Amid this backdrop, executives around the world are scrambling to strike a balance between adhering to lockdown measures and saving their businesses. Many are turning to big data to gather real-time insights and develop contingency plans.
Historically, similar attempts by economists to predict the future using data have had mixed results. The good news is that today we have access to faster, better and more accurate data than ever before.
Each day, 44 zettabytes of data is generated globally. On top of that, we now have advanced artificial intelligence (AI) and machine learning technologies that give us an advantage that we did not have before.
Professor Michael Davern CPA, chair of accounting and business information systems (B.I.S.) in the Faculty of Business and Economics at the University of Melbourne, says the shutdown of physical workplaces, and subsequent dependency on technology, has given us unprecedented access to rich data about business operation and customers.
“The coronavirus crisis is a catalyst for structural change in the way consumers behave, the way we work and live,” he says. “Big data has the potential to provide early indicators of the nature and extent of that change.”
Big data in a post-pandemic world
W. Edwards Deming, an American engineer and statistician, famously said, “In God we trust, all others must bring data”.
Deming was an early champion of the idea that businesses can use data to develop a “System of Profound Knowledge” and translate that knowledge into improved decision-making and predictions. Many data scientists have come to agree, with the advent of big data and machine learning giving us the ability to create accurate models to guide future actions and discover patterns that have never been seen before.
"If you don't know what the raw data truly represents, you can't make meaningful predictions from analytics based on that data." Professor Michael Davern CPA, University of Melbourne
The current pandemic has offered new insights into how big data can be used in the fight against the spread of disease. In China and South Korea, for example, governments have tapped into data on movement, location and patient history to track and contain the outbreak. Google and Facebook have also been analysing the data of collective movements of millions of users to determine how COVID-19 is spreading across the US.
Companies can make data-informed decisions about different aspects of their business through predictive forecasting, a popular analytics strategy that looks at historical data, trends and fluctuations to make predictions about future outcomes.

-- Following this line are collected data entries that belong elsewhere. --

lemma coprime_6_iff: "coprime (int m) 6 \<longleftrightarrow> odd m \<and> \<not> 3 dvd m"
proof -
  have "prime (3 :: nat)"
    by simp
  then have "coprime m 3 \<longleftrightarrow> \<not> 3 dvd m"
    using prime_imp_coprime[of 3 m] by (auto simp: coprime_commute dest: coprime_common_divisor)
  moreover have "coprime m 6 \<longleftrightarrow> coprime m 2 \<and> coprime m 3"
    using coprime_mult_right_iff[of m 2 3] by simp
  moreover have "coprime (int m) 6 \<longleftrightarrow> coprime m 6"
    using coprime_int_iff[of m 6] by simp
  ultimately show ?thesis
    by (simp add: coprime_right_2_iff_odd)
qed

lemma coprime_6_decomposition:
  assumes "\<not> 4 dvd n" "\<not> 9 dvd n"
  obtains m where "coprime (int m) 6" "n = m \<or> n = 2 * m \<or> n = 3 * m \<or> n = 6 * m"
proof -
  have "\<exists>m. odd m \<and> \<not> 3 dvd m \<and> (n = m \<or> n = 2 * m \<or> n = 3 * m \<or> n = 6 * m)"
  proof (cases "even n"; cases "3 dvd n")
    assume "even n" "3 dvd n"
    then have "6 dvd n"
      by presburger
    then obtain m where m: "n = 6 * m" ..
    then have "odd m" "\<not> 3 dvd m"
      using assms by presburger+
    with m show ?thesis
      by blast
  next
    assume "even n" "\<not> 3 dvd n"
    from \<open>even n\<close> obtain m where m: "n = 2 * m" ..
    then have "odd m" "\<not> 3 dvd m"
      using assms(1) \<open>\<not> 3 dvd n\<close> by presburger+
    with m show ?thesis
      by blast
  next
    assume "odd n" "3 dvd n"
    from \<open>3 dvd n\<close> obtain m where m: "n = 3 * m" ..
    then have "odd m" "\<not> 3 dvd m"
      using assms(2) \<open>odd n\<close> by presburger+
    with m show ?thesis
      by blast
  next
    assume "odd n" "\<not> 3 dvd n"
    then show ?thesis
      by blast
  qed
  then show ?thesis
    using that coprime_6_iff by blast
qed

lemma resolvable_triples_exist_all:
  assumes "n > 0" "n \<noteq> 2" "n \<noteq> 3"
  shows "resolvable_triples_exist n"
  using assms
proof (induction n rule: less_induct)
  case (less n)
  have sporadic: "resolvable_triples_exist a" if "a \<in> {6, 8, 12, 18, 27}" for a
    using that resolvable_triples_exist_sporadic by blast
  consider (four) q where "n = q * 4" | (nine) q where "n = q * 9" | (coprime) "\<not> 4 dvd n" "\<not> 9 dvd n"
    by (metis dvd_def mult.commute)
  then show ?case
  proof cases
    case four
    show ?thesis
    proof (cases "q = 2 \<or> q = 3")
      case True
      then have "n \<in> {6, 8, 12, 18, 27}"
        using four by auto
      then show ?thesis
        by (rule sporadic)
    next
      case False
      then have "resolvable_triples_exist q"
        using four less by simp
      then show ?thesis
        using four resolvable_triples_exist_mult[OF _ orthogonal_array_4] by simp
    qed
  next
    case nine
    show ?thesis
    proof (cases "q = 2 \<or> q = 3")
      case True
      then have "n \<in> {6, 8, 12, 18, 27}"
        using nine by auto
      then show ?thesis
        by (rule sporadic)
    next
      case False
      then have "resolvable_triples_exist q"
        using nine less by simp
      then show ?thesis
        using nine resolvable_triples_exist_mult[OF _ orthogonal_array_9] by simp
    qed
  next
    case coprime
    then obtain m where m: "coprime (int m) 6" "n = m \<or> n = 2 * m \<or> n = 3 * m \<or> n = 6 * m"
      by (rule coprime_6_decomposition)
    then have "m > 0"
      using less.prems(1) by auto
    from m(2) show ?thesis
    proof (elim disjE)
      assume "n = m"
      then show ?thesis
        using resolvable_triples_exist_mult_coprime_6[OF resolvable_triples_exist_1 m(1) \<open>m > 0\<close>] by simp
    next
      assume "n = 2 * m"
      then show ?thesis
        using resolvable_triples_exist_double[OF m(1)] less.prems(2) by auto
    next
      assume "n = 3 * m"
      then show ?thesis
        using resolvable_triples_exist_triple[OF m(1)] less.prems(3) by auto
    next
      assume "n = 6 * m"
      then show ?thesis
        using resolvable_triples_exist_mult_coprime_6[OF sporadic[of 6] m(1) \<open>m > 0\<close>] by simp
    qed
  qed
qed

theorem theorem2p6:
  fixes n \<rho> :: nat
  assumes "n \<ge> 4" and "n \<noteq> 6" and "1 \<le> \<rho>" and "\<rho> \<le> n"
  shows "\<exists>X (\<B> :: nat set set). is_packing (3*n + \<rho>) 4 X \<B> \<and>
           card \<B> = n * \<rho> + D \<rho> 4 \<and> largest_PPC_size \<B> \<rho>"
proof -
  obtain P where P: "is_packing \<rho> 4 {..<\<rho>} P" "card P = D \<rho> 4"
    using maximum_packing_exists[of \<rho> 4] by (auto simp: atLeast0LessThan)
  have "resolvable_triples_exist n"
    using assms(1) by (intro resolvable_triples_exist_all) auto
  then obtain C S where "resolvable_triples {\<rho>..<\<rho> + 3 * n} C S n"
    using resolvable_triples_on[of n "{\<rho>..<\<rho> + 3 * n}"] by auto
  then interpret packing_extension "{\<rho>..<\<rho> + 3 * n}" C S n \<rho> P
    using P(1) assms(4) by (auto simp: packing_extension_def packing_extension_axioms_def)
  show ?thesis
    using is_packing_extension card_extension largest_PPC_extension P(2) by auto
qed

end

David Chinn, president and chief marketing officer at customer data platform Lexer, says businesses can master customer data at every touchpoint – from marketing to sales to service – to deepen customer loyalty and drive profitable growth.
“Comparing products that new and returning customers on a website are purchasing now, as compared to the same time last year, can be very insightful,” Chinn says.
“For example, we have seen that stay-at-home orders and remote work are having a big impact on apparel retailers,” says Chinn. “Data analysis shows a significant increase in activewear products and a decline in accessories for one of our customers.”
Businesses looking to fast-track decision-making and develop a post-pandemic roadmap can add immense value by using big data in the following key areas:
Big data and predictive forecasting can help businesses project sales revenue for the upcoming season, identify poorly performing revenue streams and optimise the revenue funnel to adapt to the changing market demand and pricing.
Chinn recommends using predictive lifetime value algorithms as a productive way of forecasting future revenue.
“We use Peter Fader’s Beta Geometric/ Negative Binomial distribution model to predict future sales for each customer, which yields accurate revenue forecasts for the future,” Chinn says.
2. Sales and marketing
Common applications of big data in marketing and sales have largely focused on predicting what customers are most likely to buy next, improving targeted advertising, consumer churn rate and optimisation of prices.
Unlike traditional in-store data collection methods, businesses can gather data on millions of consumers by studying digital records. This information – with the help of new analytical techniques – can be translated into valuable insights on consumers’ psychological states, which can be used to inform marketing and sales strategy.
3. Supply chain management
Manufacturing and wholesale businesses closely monitor short-term, live data on consumption, global trade and delivery routes in real time to make their supply chains more efficient.
These days, many manufacturers add sensors to their products so that they can transmit back performance data.
Employees provide huge amounts of data through activities such as log-on and log-off times, email traffic, use of mobile devices for work purposes and sick leave.
Big data analytics can reveal insights and intelligence on how employees are adapting and performing in a remote workplace. This can help businesses develop timely interventions towards employee retention, performance and engagement.
For example, Microsoft 365 provides MyAnalytics to employees, along with tips on how to improve their collaboration and use of time.
5. Customer relationships
Customer relationships are important for every business, playing a crucial role in a company’s growth during times of turmoil.
Chinn points to the investment companies make in their high-value customers, and explains that big data “provides insight into these high-value customers to suggest the best and most relevant methods of engagement”.
CPA Library resource:
Analytics and big data for accountants. Read now.
Working with big data
Like any technology trained on numbers and algorithms, big data analytics can go wrong with predictions.
Data science experts have some top tips for handling and analysing data to reduce the error in predictions.
Quality: Davern maintains that “an accurate and a sufficiently large and representative data set is a prerequisite to good predictions”.
Right now, data is being produced in astoundingly large volumes, and at an incredible rate.
The challenge, Davern points out, is that the pandemic situation is still in flux.
“The half-life of any data gathered is consequently very short, at least until the structural changes settle.”
Davern explains that the sophistication of analytics tools doesn’t matter when the data is insufficient – predictions can still be unreliable.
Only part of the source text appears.